The vote itself was not close, however. Judiciary Committee members voted 16-4 in favor of Leahy’s amendment. Sessions and presidential hopeful Ted Cruz joined fellow Republican Sens. Thom Tillis of North Carolina and David Vitter of Louisiana in opposing the amendment.
Tillis said in a statement that he didn’t want the underlying bill regarding terrorism to get tied up with the debate over Trump’s comments.
“Rather than pass this simple, bipartisan bill out of committee, we got mired into a partisan discussion, the result of which will likely be that this bill does not move forward.

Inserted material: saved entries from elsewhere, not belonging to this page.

lemma translated_kernel_has_integral: "((\<lambda>y. J (x - y)) has_integral 1) UNIV"
proof -
  have "J absolutely_integrable_on UNIV"
    using J_has_integral J_nonneg by (intro nonnegative_absolutely_integrable_1) auto
  then have "((\<lambda>y. J (- x + y)) has_integral integral UNIV J) UNIV"
    by (intro has_integral_translate_UNIV J_borel)
  moreover have "J (- x + y) = J (x - y)" for y
    using J_symmetric[of "x - y"] by simp
  ultimately show ?thesis
    using J_has_integral by (simp add: integral_unique)
qed

lemma translated_kernel_integrable: "(\<lambda>y. J (x - y)) integrable_on UNIV"
  and translated_kernel_integral: "integral UNIV (\<lambda>y. J (x - y)) = 1"
  using translated_kernel_has_integral by (auto simp: integral_unique)

lemma kconv_integrable:
  assumes "v \<in> borel_measurable lebesgue" and "\<And>y. \<bar>v y\<bar> \<le> M"
  shows "(\<lambda>y. J (x - y) * v y) integrable_on UNIV"
proof (rule measurable_bounded_by_integrable_imp_integrable_real)
  show "(\<lambda>y. J (x - y) * v y) \<in> borel_measurable (lebesgue_on UNIV)"
    using translated_kernel_measurable assms(1) by (simp add: lebesgue_on_UNIV_eq)
  show "(\<lambda>y. J (x - y) * M) integrable_on UNIV"
    by (rule integrable_on_mult_left[OF translated_kernel_integrable])
  show "\<bar>J (x - y) * v y\<bar> \<le> J (x - y) * M" for y
    using assms(2)[of y] J_nonneg[of "x - y"] by (simp add: abs_mult mult_left_mono)
qed simp

lemma kconv_const [simp]: "kconv (\<lambda>_. c) x = c"
  using translated_kernel_has_integral[of x] by (simp add: kconv_def integral_unique)

lemma kconv_cmult: "kconv (\<lambda>y. c * v y) x = c * kconv v x"
  by (simp add: kconv_def mult.left_commute)

lemma kconv_mono:
  assumes "v \<in> borel_measurable lebesgue" "w \<in> borel_measurable lebesgue"
    and "\<And>y. \<bar>v y\<bar> \<le> M" "\<And>y. \<bar>w y\<bar> \<le> M"
    and "\<And>y. J (x - y) \<noteq> 0 \<Longrightarrow> v y \<le> w y"
  shows "kconv v x \<le> kconv w x"
  unfolding kconv_def
proof (rule integral_le)
  show "J (x - y) * v y \<le> J (x - y) * w y" for y
    using assms(5)[of y] J_nonneg[of "x - y"] by (cases "J (x - y) = 0") (auto intro: mult_left_mono)
qed (use kconv_integrable assms in auto)

lemma kconv_bounds:
  assumes "v \<in> borel_measurable lebesgue" and "\<And>y. 0 \<le> v y \<and> v y \<le> 1"
  shows "0 \<le> kconv v x" and "kconv v x \<le> 1"
  using kconv_mono[of "\<lambda>_. 0" v 1 x] kconv_mono[of v "\<lambda>_. 1" 1 x] assms by auto

lemma kconv_diff_le:
  assumes "v \<in> borel_measurable lebesgue" "w \<in> borel_measurable lebesgue"
    and "\<And>y. \<bar>v y\<bar> \<le> M" "\<And>y. \<bar>w y\<bar> \<le> M" and "\<And>y. \<bar>v y - w y\<bar> \<le> e"
  shows "\<bar>kconv v x - kconv w x\<bar> \<le> e"
proof -
  have "kconv v x - kconv w x = integral UNIV (\<lambda>y. J (x - y) * (v y - w y))"
    using kconv_integrable[OF assms(1,3)] kconv_integrable[OF assms(2,4)]
    by (simp add: kconv_def right_diff_distrib integral_diff)
  also have "\<bar>\<dots>\<bar> \<le> integral UNIV (\<lambda>y. J (x - y) * e)"
    unfolding real_norm_def[symmetric]
  proof (rule integral_norm_bound_integral)
    show "(\<lambda>y. J (x - y) * (v y - w y)) integrable_on UNIV"
      using kconv_integrable[OF assms(1,3)] kconv_integrable[OF assms(2,4)]
      by (simp add: right_diff_distrib integrable_diff)
    show "(\<lambda>y. J (x - y) * e) integrable_on UNIV"
      using kconv_integrable[of "\<lambda>_. e" "\<bar>e\<bar>"] by simp
    show "norm (J (x - y) * (v y - w y)) \<le> J (x - y) * e" for y
      using assms(5)[of y] J_nonneg[of "x - y"] by (simp add: abs_mult mult_left_mono)
  qed
  also have "\<dots> = e"
    by (simp add: translated_kernel_integral)
  finally show ?thesis .
qed

lemma kconv_tendsto:
  assumes "\<And>k. v k \<in> borel_measurable lebesgue" and "\<And>k y. \<bar>v k y\<bar> \<le> M"
    and "\<And>y. (\<lambda>k. v k y) \<longlonglongrightarrow> w y"
  shows "(\<lambda>k. kconv (v k) x) \<longlonglongrightarrow> kconv w x"
  unfolding kconv_def
proof (rule dominated_convergence)
  show "(\<lambda>y. J (x - y) * v k y) integrable_on UNIV" for k
    using kconv_integrable assms by blast
  show "(\<lambda>y. J (x - y) * M) integrable_on UNIV"
    by (rule integrable_on_mult_left[OF translated_kernel_integrable])
  show "norm (J (x - y) * v k y) \<le> J (x - y) * M" for k y
    using assms(2)[of k y] J_nonneg[of "x - y"] by (simp add: abs_mult mult_left_mono)
  show "(\<lambda>k. J (x - y) * v k y) \<longlonglongrightarrow> J (x - y) * w y" for y
    by (intro tendsto_mult_left assms(3))
qed

lemma kconv_split:
  assumes "S \<in> sets lebesgue" and "v \<in> borel_measurable lebesgue" and "\<And>y. \<bar>v y\<bar> \<le> M"
  shows "(\<lambda>y. J (x - y) * v y) integrable_on S"
    and "kconv v x = integral S (\<lambda>y. J (x - y) * v y) + integral (- S) (\<lambda>y. J (x - y) * v y)"
proof -
  have restricted: "(\<lambda>y. J (x - y) * (indicator T y * v y)) integrable_on UNIV" if "T \<in> sets lebesgue" for T
    using that assms(2,3) order_trans[OF abs_ge_zero assms(3)]
    by (intro kconv_integrable[where M = M]) (auto simp: indicator_def)
  have eq: "(\<lambda>y. J (x - y) * (indicator T y * v y)) = (\<lambda>y. if y \<in> T then J (x - y) * v y else 0)" for T
    by (auto simp: indicator_def)
  show "(\<lambda>y. J (x - y) * v y) integrable_on S"
    using restricted[OF assms(1)] unfolding eq integrable_restrict_UNIV .
  have "kconv v x = integral UNIV (\<lambda>y. J (x - y) * (indicator S y * v y) + J (x - y) * (indicator (- S) y * v y))"
    unfolding kconv_def by (rule arg_cong[where f = "integral UNIV"]) (auto simp: indicator_def)
  also have "\<dots> = integral UNIV (\<lambda>y. J (x - y) * (indicator S y * v y))
      + integral UNIV (\<lambda>y. J (x - y) * (indicator (- S) y * v y))"
    using assms(1) by (intro integral_add restricted) (auto simp: Compl_in_sets_lebesgue)
  finally show "kconv v x = integral S (\<lambda>y. J (x - y) * v y) + integral (- S) (\<lambda>y. J (x - y) * v y)"
    unfolding eq integral_restrict_UNIV .
qed

lemma translated_kernel_support_box:
  assumes "bounded K"
  obtains b where "\<And>x y. x \<in> K \<Longrightarrow> y \<notin> cbox (- b) b \<Longrightarrow> J (x - y) = 0"
proof -
  obtain R where R: "\<And>x. x \<in> K \<Longrightarrow> norm x \<le> R"
    using assms bounded_iff by metis
  obtain b where b: "cball (0::'a) (R + d) \<subseteq> cbox (- b) b"
    using bounded_subset_cbox_symmetric[OF bounded_cball] by blast
  have "J (x - y) = 0" if "x \<in> K" "y \<notin> cbox (- b) b" for x y
  proof -
    have "R + d < norm y" using b that(2) by (meson mem_cball_0 not_le subsetD)
    then show ?thesis
      using R[OF that(1)] norm_triangle_ineq2[of y x] by (intro J_vanishes) (simp add: norm_minus_commute)
  qed
  then show ?thesis using that by blast
qed

lemma kconv_equicontinuous:
  assumes "bounded K" and "e > 0"
  obtains \<delta> where "\<delta> > 0" and "\<And>x x' v. x \<in> K \<Longrightarrow> x' \<in> K \<Longrightarrow> dist x x' < \<delta> \<Longrightarrow>
      v \<in> borel_measurable lebesgue \<Longrightarrow> (\<And>y. \<bar>v y\<bar> \<le> 1) \<Longrightarrow> \<bar>kconv v x - kconv v x'\<bar> \<le> e"
proof -
  obtain b where outside: "\<And>x y. x \<in> K \<Longrightarrow> y \<notin> cbox (- b) b \<Longrightarrow> J (x - y) = 0"
    using translated_kernel_support_box[OF assms(1)] by blast
  define c where "c = measure lborel (cbox (- b) b) + 1"
  have "c > 0" by (simp add: c_def add_nonneg_pos)
  obtain \<delta> where "\<delta> > 0" and \<delta>: "\<And>a a'. dist a' a < \<delta> \<Longrightarrow> dist (J a') (J a) < e / c"
    using uniformly_continuous_on_UNIV_if_vanishing[OF J_continuous J_vanishes] \<open>e > 0\<close> \<open>c > 0\<close>
    unfolding uniformly_continuous_on_def by (metis divide_pos_pos UNIV_I)
  have "\<bar>kconv v x - kconv v x'\<bar> \<le> e"
    if x: "x \<in> K" "x' \<in> K" "dist x x' < \<delta>" and v: "v \<in> borel_measurable lebesgue" "\<And>y. \<bar>v y\<bar> \<le> 1"
    for x x' v
  proof -
    have "kconv v x - kconv v x' = integral UNIV (\<lambda>y. (J (x - y) - J (x' - y)) * v y)"
      using kconv_integrable[OF v] by (simp add: kconv_def left_diff_distrib integral_diff)
    also have "\<bar>\<dots>\<bar> \<le> integral UNIV (\<lambda>y. if y \<in> cbox (- b) b then e / c else 0)"
      unfolding real_norm_def[symmetric]
    proof (rule integral_norm_bound_integral)
      show "(\<lambda>y. (J (x - y) - J (x' - y)) * v y) integrable_on UNIV"
        using kconv_integrable[OF v] by (simp add: left_diff_distrib integrable_diff)
      show "(\<lambda>y. if y \<in> cbox (- b) b then e / c else 0) integrable_on UNIV"
        by (simp add: integrable_restrict_UNIV integrable_const)
      show "norm ((J (x - y) - J (x' - y)) * v y) \<le> (if y \<in> cbox (- b) b then e / c else 0)" for y
      proof (cases "y \<in> cbox (- b) b")
        case True
        have "dist (x - y) (x' - y) < \<delta>" using x(3) by (simp add: dist_norm)
        then have "\<bar>J (x - y) - J (x' - y)\<bar> \<le> e / c" using \<delta> by (force simp: dist_real_def)
        then show ?thesis
          using True mult_mono[OF _ v(2)[of y]] by (simp add: abs_mult)
      qed (simp add: outside x)
    qed
    also have "\<dots> = measure lborel (cbox (- b) b) * (e / c)"
      by (simp add: integral_restrict_UNIV)
    also have "\<dots> \<le> e"
      using \<open>e > 0\<close> \<open>c > 0\<close> by (simp add: c_def field_simps)
    finally show ?thesis .
  qed
  then show ?thesis
    using \<open>\<delta> > 0\<close> that by blast
qed

lemma kconv_continuous_on:
  assumes "bounded K" and "v \<in> borel_measurable lebesgue" and "\<And>y. \<bar>v y\<bar> \<le> 1"
  shows "continuous_on K (kconv v)"
  unfolding continuous_on_iff
proof (intro ballI allI impI)
  fix x and e :: real assume "x \<in> K" "e > 0"
  obtain \<delta> where "\<delta> > 0" and \<delta>: "\<And>x x'. x \<in> K \<Longrightarrow> x' \<in> K \<Longrightarrow> dist x x' < \<delta> \<Longrightarrow>
      \<bar>kconv v x - kconv v x'\<bar> \<le> e / 2"
    using kconv_equicontinuous[OF assms(1), of "e / 2"] assms(2,3) \<open>e > 0\<close> by (metis half_gt_zero)
  show "\<exists>\<delta>>0. \<forall>x'\<in>K. dist x' x < \<delta> \<longrightarrow> dist (kconv v x') (kconv v x) < e"
    using \<delta> \<open>x \<in> K\<close> \<open>\<delta> > 0\<close> \<open>e > 0\<close> by (intro exI[of _ \<delta>]) (force simp: dist_real_def)
qed

end

section \<open>The exterior collar and the extension of boundary values\<close>

locale nonlocal_flux_problem = convolution_kernel J d
  for J :: "'a::euclidean_space \<Rightarrow> real" and d :: real +
  fixes \<Omega> :: "'a set" and \<eta> :: "'a \<Rightarrow> 'a" and s0 p :: real
  assumes domain_ok: "domain_ok \<Omega> \<eta> s0 d" and p_pos: "0 < p" and p_less_1: "p < 1"
begin

abbreviation ext :: "('a \<Rightarrow> real \<Rightarrow> real) \<Rightarrow> 'a \<Rightarrow> real \<Rightarrow> real" where
  "ext \<equiv> ext_u \<Omega> \<eta> s0"

definition collar :: "'a set" where
  "collar = {y. y \<notin> closure \<Omega> \<and> infdist y \<Omega> < s0}"

definition normal_coords :: "'a \<times> real \<Rightarrow> 'a" where
  "normal_coords = (\<lambda>(z, s). z + s *\<^sub>R \<eta> z)"

definition foot :: "'a \<Rightarrow> 'a" where
  "foot y = fst (the_inv_into (frontier \<Omega> \<times> {0<..<s0}) normal_coords y)"

lemma
  shows \<Omega>_open: "open \<Omega>" and \<Omega>_bounded: "bounded \<Omega>" and \<Omega>_nonempty: "\<Omega> \<noteq> {}"
    and d_less_s0: "d < s0" and \<eta>_continuous: "continuous_on (frontier \<Omega>) \<eta>"
    and normal_coords_bij: "bij_betw normal_coords (frontier \<Omega> \<times> {0<..<s0}) collar"
    and norm_\<eta>: "z \<in> frontier \<Omega> \<Longrightarrow> norm (\<eta> z) = 1"
  using domain_ok unfolding domain_ok_def collar_def normal_coords_def by simp_all

lemma \<Omega>_lebesgue: "\<Omega> \<in> sets lebesgue"
  using \<Omega>_open by (simp add: borel_open sets_completionI_sets)

lemma frontier_subset_closure: "frontier \<Omega> \<subseteq> closure \<Omega>"
  by (simp add: frontier_def)

lemma frontier_disjoint: "frontier \<Omega> \<inter> \<Omega> = {}"
  using \<Omega>_open by (auto simp: frontier_def interior_open)

lemma frontier_nonempty: "frontier \<Omega> \<noteq> {}"
  using \<Omega>_bounded \<Omega>_nonempty frontier_not_empty not_bounded_UNIV by blast

lemma compact_frontier: "compact (frontier \<Omega>)"
  using \<Omega>_bounded by (simp add: compact_frontier_bounded)

lemma bounded_closure_\<Omega>: "bounded (closure \<Omega>)"
  using \<Omega>_bounded by (rule bounded_closure)

lemma collar_eq_image: "collar = normal_coords ` (frontier \<Omega> \<times> {0<..<s0})"
  using normal_coords_bij by (simp add: bij_betw_def)

lemma normal_coords_in_collar:
  "z \<in> frontier \<Omega> \<Longrightarrow> 0 < s \<Longrightarrow> s < s0 \<Longrightarrow> z + s *\<^sub>R \<eta> z \<in> collar"
  by (force simp: collar_eq_image normal_coords_def)

lemma collar_disjoint: "y \<in> collar \<Longrightarrow> y \<notin> closure \<Omega>"
  by (simp add: collar_def)

lemma collar_open: "open collar"
proof -
  have "open {y. infdist y \<Omega> < s0}"
    by (rule open_Collect_less) (auto intro: continuous_on_infdist continuous_on_id)
  moreover have "collar = - closure \<Omega> \<inter> {y. infdist y \<Omega> < s0}"
    by (auto simp: collar_def)
  ultimately show ?thesis by auto
qed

I voted against Senator Leahy’s amendment because I’m intent on keeping my eye on the real culprit here, the terrorists, not what any candidate for the presidency says or doesn’t say,” Tillis said. “If anyone wonders why Washington doesn’t work, they need not look any further than this course of events.”
Cruz’s Senate office echoed the sentiment of Tillis, accusing Leahy of a “political stunt.”
“A nuclear terrorism bill is not the place for political games, which is why after voting against Senator Leahy’s amendment, Senator Cruz voted for the Nuclear Terrorism bill to protect Americans against this grave threat,” Cruz’s office said in an email.